Overall, Miller is skeptical of a national registry that works to prevent harms done by drones. Instead, he sees a lot of potential in changing our understanding of Trespass Law. “I think the law of trespass is going to be developed to accommodate technology like drones,” Miller said, “to include trespass that’s not a physical actual trespass but is trespass using a device to acquire information.
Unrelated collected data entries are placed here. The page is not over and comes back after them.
lemma cot_mult_card_le_of_trig_sums:
  fixes A :: "nat set" and R :: real
  assumes n: "n > 0" and A: "A \<subseteq> {1..n}"
    and sin_le: "(\<Sum>a\<in>A. sin (pi * real a / real n)) \<le> R"
    and cos_le: "\<And>m. 1 \<le> m \<Longrightarrow> m < n \<Longrightarrow> (\<Sum>a\<in>A. cos (2 * pi * real m * real a / real n)) \<le> R"
  shows "cot (pi / (2 * real n)) * real (card A) \<le> R * (real n + cot (pi / (2 * real n)))"
proof -
  let ?c = "sine_kernel n"
  let ?C = "\<lambda>m. \<Sum>a\<in>A. cos (2 * pi * real m * real a / real n)"
  have inversion: "(\<Sum>m<n. ?c m * cos (2 * pi * real m * real a / real n)) = real n * sin (pi * real a / real n)"
    if "a \<in> A" for a
  proof -
    have "sin (pi * real a / real n) \<ge> 0"
      using that A n by (intro sin_ge_zero) (auto simp: field_simps)
    then show ?thesis using sine_kernel_inversion [OF n, of "int a"] by simp
  qed
  have split: "(\<Sum>m<n. f m) = f 0 + (\<Sum>m=1..<n. f m)" for f :: "nat \<Rightarrow> real"
    using n by (simp add: atLeast0LessThan [symmetric] sum.atLeast_Suc_lessThan)
  have kernel_tail: "(\<Sum>m=1..<n. ?c m) = - ?c 0"
    using sine_kernel_inversion [OF n, of 0] by (simp add: split add_eq_0_iff)
  have "?c 0 * real (card A) - ?c 0 * R = ?c 0 * real (card A) + (\<Sum>m=1..<n. ?c m * R)"
    unfolding sum_distrib_right [symmetric] kernel_tail by simp
  also have "\<dots> \<le> ?c 0 * real (card A) + (\<Sum>m=1..<n. ?c m * ?C m)"
    using cos_le sine_kernel_nonpos [OF n] by (intro add_left_mono sum_mono mult_left_mono_neg) auto
  also have "\<dots> = (\<Sum>m<n. ?c m * ?C m)"
    by (simp add: split)
  also have "\<dots> = real n * (\<Sum>a\<in>A. sin (pi * real a / real n))"
    by (simp add: sum_distrib_left inversion sum.swap [of _ A] cong: sum.cong)
  also have "\<dots> \<le> real n * R"
    using sin_le by (simp add: mult_left_mono)
  finally show ?thesis
    using sine_kernel_0 [OF n] by (simp add: algebra_simps)
qed

lemma cot_mult_card_le:
  fixes A :: "nat set" and R :: real
  assumes n: "n > 0" and A: "A \<subseteq> {1..n}"
    and bound: "\<And>j. 1 \<le> j \<Longrightarrow> j < 2*n \<Longrightarrow> cmod (\<Sum>a\<in>A. cis (pi * real j / real n) ^ a) \<le> R"
  shows "cot (pi / (2 * real n)) * real (card A) \<le> R * (real n + cot (pi / (2 * real n)))"
proof (rule cot_mult_card_le_of_trig_sums [OF n A])
  have "(\<Sum>a\<in>A. sin (pi * real a / real n)) = Im (\<Sum>a\<in>A. cis (pi * real 1 / real n) ^ a)"
    by (simp add: Im_sum DeMoivre mult.commute)
  also have "\<dots> \<le> cmod (\<Sum>a\<in>A. cis (pi * real 1 / real n) ^ a)"
    by (rule order_trans [OF abs_ge_self abs_Im_le_cmod])
  also have "\<dots> \<le> R"
    using n by (intro bound) auto
  finally show "(\<Sum>a\<in>A. sin (pi * real a / real n)) \<le> R" .
next
  fix m assume m: "1 \<le> m" "m < n"
  have "(\<Sum>a\<in>A. cos (2 * pi * real m * real a / real n)) = Re (\<Sum>a\<in>A. cis (pi * real (2*m) / real n) ^ a)"
    by (simp add: Re_sum DeMoivre mult_ac)
  also have "\<dots> \<le> R"
    using m by (intro order_trans [OF complex_Re_le_cmod bound]) auto
  finally show "(\<Sum>a\<in>A. cos (2 * pi * real m * real a / real n)) \<le> R" .
qed

definition sum_rep :: "nat set \<Rightarrow> nat \<Rightarrow> nat" where
  "sum_rep A s = card {p \<in> A \<times> A. fst p + snd p = s}"

lemma sumset_eq_image: "sumset A = (\<lambda>p. fst p + snd p) ` (A \<times> A)"
  unfolding sumset_def by force

lemma finite_sumset: "finite A \<Longrightarrow> finite (sumset A)"
  by (simp add: sumset_eq_image)

lemma sumset_subset_atLeastAtMost:
  assumes "A \<subseteq> {1..n}"
  shows "sumset A \<subseteq> {2..2*n}"
proof
  fix s assume "s \<in> sumset A"
  then obtain a b where "a \<in> {1..n}" "b \<in> {1..n}" "s = a + b"
    using assms unfolding sumset_def by blast
  then show "s \<in> {2..2*n}" by simp
qed

lemma sum_power_square_eq_sum_rep:
  fixes z :: "'a::comm_semiring_1"
  assumes "finite A"
  shows "(\<Sum>a\<in>A. z ^ a)^2 = (\<Sum>s\<in>sumset A. of_nat (sum_rep A s) * z ^ s)"
proof -
  have "(\<Sum>a\<in>A. z ^ a)^2 = (\<Sum>p\<in>A \<times> A. z ^ (fst p + snd p))"
    by (simp add: power2_eq_square sum_product sum.cartesian_product power_add case_prod_beta)
  also have "\<dots> = (\<Sum>s\<in>sumset A. \<Sum>p\<in>{p \<in> A \<times> A. fst p + snd p = s}. z ^ (fst p + snd p))"
    unfolding sumset_eq_image using assms by (intro sum.image_gen) simp
  also have "\<dots> = (\<Sum>s\<in>sumset A. of_nat (sum_rep A s) * z ^ s)"
    by (simp add: sum_rep_def)
  finally show ?thesis .
qed

lemma sum_sum_rep: "finite A \<Longrightarrow> (\<Sum>s\<in>sumset A. sum_rep A s) = card A ^ 2"
  using sum_power_square_eq_sum_rep [of A "1 :: nat"] by simp

lemma sum_rep_pos:
  assumes "finite A" "s \<in> sumset A"
  shows "sum_rep A s > 0"
proof -
  from assms(2) obtain a b where "a \<in> A" "b \<in> A" "s = a + b" unfolding sumset_def by auto
  then have "(a, b) \<in> {p \<in> A \<times> A. fst p + snd p = s}" by simp
  with assms(1) show ?thesis unfolding sum_rep_def by (auto simp: card_gt_0_iff)
qed

lemma sum_rep_eq_1_imp_double:
  assumes "sum_rep A s = 1"
  shows "s \<in> (\<lambda>a. 2 * a) ` A"
proof -
  let ?R = "{p \<in> A \<times> A. fst p + snd p = s}"
  from assms obtain p where p: "?R = {p}"
    unfolding sum_rep_def by (rule card_1_singletonE)
  obtain a b where ab: "p = (a, b)" by (cases p)
  have "p \<in> ?R" by (simp only: p) simp
  then have "a \<in> A" "b \<in> A" "a + b = s" by (auto simp: ab)
  then have "(b, a) \<in> ?R" by simp
  then have "(b, a) = p" by (simp only: p singleton_iff)
  with ab have "a = b" by (metis prod.inject)
  with \<open>a + b = s\<close> have "s = 2 * a" by simp
  with \<open>a \<in> A\<close> show ?thesis by blast
qed

lemma sum_abs_sum_rep_minus_2_le:
  assumes A: "finite A"
  shows "(\<Sum>s\<in>sumset A. \<bar>real (sum_rep A s) - 2\<bar>)
       \<le> real (card A)^2 - 2 * real (card (sumset A)) + 2 * real (card A)"
proof -
  let ?S = "sumset A" and ?D = "(\<lambda>a. 2 * a) ` A"
  have "\<bar>real (sum_rep A s) - 2\<bar> \<le> real (sum_rep A s) - 2 + 2 * (if s \<in> ?D then 1 else 0)"
    if "s \<in> ?S" for s
    using sum_rep_pos [OF A that] sum_rep_eq_1_imp_double [of A s]
    by (cases "sum_rep A s = 1") auto
  then have "(\<Sum>s\<in>?S. \<bar>real (sum_rep A s) - 2\<bar>)
      \<le> (\<Sum>s\<in>?S. real (sum_rep A s) - 2 + 2 * (if s \<in> ?D then 1 else 0))"
    by (rule sum_mono)
  also have "\<dots> = (\<Sum>s\<in>?S. real (sum_rep A s)) - 2 * real (card ?S) + 2 * real (card (?S \<inter> ?D))"
    using finite_sumset [OF A]
    by (simp add: sum.distrib sum_subtractf sum_distrib_left [symmetric] sum.If_cases Int_commute)
  also have "(\<Sum>s\<in>?S. real (sum_rep A s)) = real (card A)^2"
    using sum_sum_rep [OF A] by (metis of_nat_power of_nat_sum)
  also have "card (?S \<inter> ?D) \<le> card A"
    using A card_image_le [of A "\<lambda>a. 2 * a"] card_mono [of ?D "?S \<inter> ?D"] by auto
  finally show ?thesis by simp
qed

lemma sum_power_root_unity:
  fixes z :: "'a::field"
  assumes "z ^ m = 1" "z \<noteq> 1"
  shows "(\<Sum>s=1..m. z ^ s) = 0"
  using assms by (simp add: sum_gp)

lemma norm_sum_power_root_unity_le:
  fixes z :: complex
  assumes m: "m > 0" and z: "z ^ m = 1" "z \<noteq> 1" and S: "S \<subseteq> {2..m}"
  shows "cmod (\<Sum>s\<in>S. z ^ s) \<le> real m - real (card S)"
proof -
  have norm_z: "cmod z = 1" using power_eq_1_iff [OF z(1)] m by simp
  have "(\<Sum>s=1..m. z ^ s) = z + (\<Sum>s=2..m. z ^ s)"
    using m by (simp add: sum.atLeast_Suc_atMost numeral_2_eq_2)
  then have "(\<Sum>s=2..m. z ^ s) = - z"
    using sum_power_root_unity [OF z] by (simp add: add_eq_0_iff)
  then have "(\<Sum>s\<in>S. z ^ s) = - z - (\<Sum>s\<in>{2..m} - S. z ^ s)"
    using S by (simp add: sum_diff)
  then have "cmod (\<Sum>s\<in>S. z ^ s) \<le> cmod z + (\<Sum>s\<in>{2..m} - S. cmod (z ^ s))"
    by (metis norm_minus_cancel norm_sum norm_triangle_ineq4 add_left_mono order_trans)
  also have "\<dots> = 1 + real (card ({2..m} - S))"
    by (simp add: norm_z norm_power)
  also have "card ({2..m} - S) = m - 1 - card S"
    using S by (simp add: card_Diff_subset finite_subset)
  also have "real (m - 1 - card S) = real m - 1 - real (card S)"
    using card_mono [OF _ S] m by (simp add: of_nat_diff)
  finally show ?thesis by simp
qed

lemma norm_sum_power_square_le_sumset:
  fixes z :: complex
  assumes A: "A \<subseteq> {1..n}" and n: "n > 0" and z: "z ^ (2*n) = 1" "z \<noteq> 1"
  shows "cmod (\<Sum>a\<in>A. z ^ a) ^ 2
       \<le> 4 * real n + real (card A)^2 - 4 * real (card (sumset A)) + 2 * real (card A)"
proof -
  have fin: "finite A" using A finite_subset by blast
  let ?S = "sumset A" and ?r = "sum_rep A"
  have norm_z: "cmod z = 1" using power_eq_1_iff [OF z(1)] n by simp
  let ?X = "\<Sum>s\<in>?S. of_real (real (?r s) - 2) * z ^ s" and ?Y = "\<Sum>s\<in>?S. z ^ s"
  have "(\<Sum>a\<in>A. z ^ a) ^ 2 = ?X + 2 * ?Y"
    by (simp add: sum_power_square_eq_sum_rep [OF fin] algebra_simps sum.distrib sum_subtractf sum_distrib_left)
  then have "cmod (\<Sum>a\<in>A. z ^ a) ^ 2 \<le> cmod ?X + 2 * cmod ?Y"
    using norm_triangle_ineq [of ?X "2 * ?Y"] by (simp add: norm_mult flip: norm_power)
  moreover have "cmod ?X \<le> (\<Sum>s\<in>?S. \<bar>real (?r s) - 2\<bar>)"
    by (rule order_trans [OF norm_sum]) (simp only: norm_mult norm_power norm_z norm_of_real, simp)
  moreover have "cmod ?Y \<le> 2 * real n - real (card ?S)"
    using norm_sum_power_root_unity_le [of "2*n" z ?S] n z sumset_subset_atLeastAtMost [OF A] by simp
  ultimately show ?thesis
    using sum_abs_sum_rep_minus_2_le [OF fin] by linarith
qed

lemma cis_2pi_div_ne_1:
  assumes "0 < j" "j < m"
  shows "cis (2 * pi * real j / real m) \<noteq> 1"
  using inj_onD [OF bij_betw_imp_inj_on [OF bij_betw_roots_unity], of m j 0] assms by auto

definition kernel_ratio :: "nat \<Rightarrow> real" where
  "kernel_ratio n = cot (pi / (2 * real n)) / (real n + cot (pi / (2 * real n)))"

lemma kernel_ratio_sq_mult_card_le:
  assumes n: "n > 0" and A: "A \<subseteq> {1..n}"
  shows "kernel_ratio n ^ 2 * real (card A)^2
       \<le> 4 * real n + real (card A)^2 - 4 * real (card (sumset A)) + 2 * real (card A)"
    (is "_ \<le> ?Q")
proof -
  let ?\<kappa> = "cot (pi / (2 * real n))"
  have bound: "cmod (\<Sum>a\<in>A. cis (pi * real j / real n) ^ a) ^ 2 \<le> ?Q" if "1 \<le> j" "j < 2*n" for j
  proof (rule norm_sum_power_square_le_sumset [OF A n])
    have "cis (pi * real j / real n) = cis (2 * pi * real j / real (2*n))" by simp
    also have "\<dots> \<noteq> 1" using that by (intro cis_2pi_div_ne_1) auto
    finally show "cis (pi * real j / real n) \<noteq> 1" .
    have "cis (pi * real j / real n) ^ (2*n) = cis (2 * pi * real j)"
      using n by (simp add: DeMoivre field_simps)
    then show "cis (pi * real j / real n) ^ (2*n) = 1" by (simp add: cis_multiple_2pi)
  qed
  have "0 < pi / (2 * real n)" "pi / (2 * real n) \<le> pi / 2"
    using n by (simp_all add: field_simps)
  then have \<kappa>: "?\<kappa> \<ge> 0"
    unfolding cot_def by (intro divide_nonneg_nonneg cos_ge_zero sin_ge_zero) auto
  have "cmod (\<Sum>a\<in>A. cis (pi * real 1 / real n) ^ a) ^ 2 \<le> ?Q"
    using n by (intro bound) auto
  then have Q: "?Q \<ge> 0" by (rule order_trans [OF zero_le_power2])
  have "?\<kappa> * real (card A) \<le> sqrt ?Q * (real n + ?\<kappa>)"
    by (intro cot_mult_card_le [OF n A] real_le_rsqrt bound)
  moreover have "real n + ?\<kappa> > 0" using n \<kappa> by simp
  ultimately have "kernel_ratio n * real (card A) \<le> sqrt ?Q"
    by (simp add: kernel_ratio_def pos_divide_le_eq)
  then have "(kernel_ratio n * real (card A))^2 \<le> (sqrt ?Q)^2"
    using n \<kappa> by (intro power_mono) (auto simp: kernel_ratio_def)
  also have "(sqrt ?Q)^2 = ?Q" using Q by simp
  finally show ?thesis by (simp only: power_mult_distrib)
qed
There’s a legal distinction between standing outside a fence on a ladder holding a camera and hovering a drone outside a window, and maybe there shouldn’t be.
Before Amazon Prime Air starts delivering packages, before the skies above farms are swarming with agricultural drones, the new drone rules are likely to have an outsized impact on the civilians who have flown unmanned aircraft the longest.
The FAA is still in the process of finalizing the rules, and it looks like they’ll conclude around the summer of 2016. It remains to be seen how much weight they’ll give to the concerns of hobbyists. Maybe it will be even more than two sticks of butter.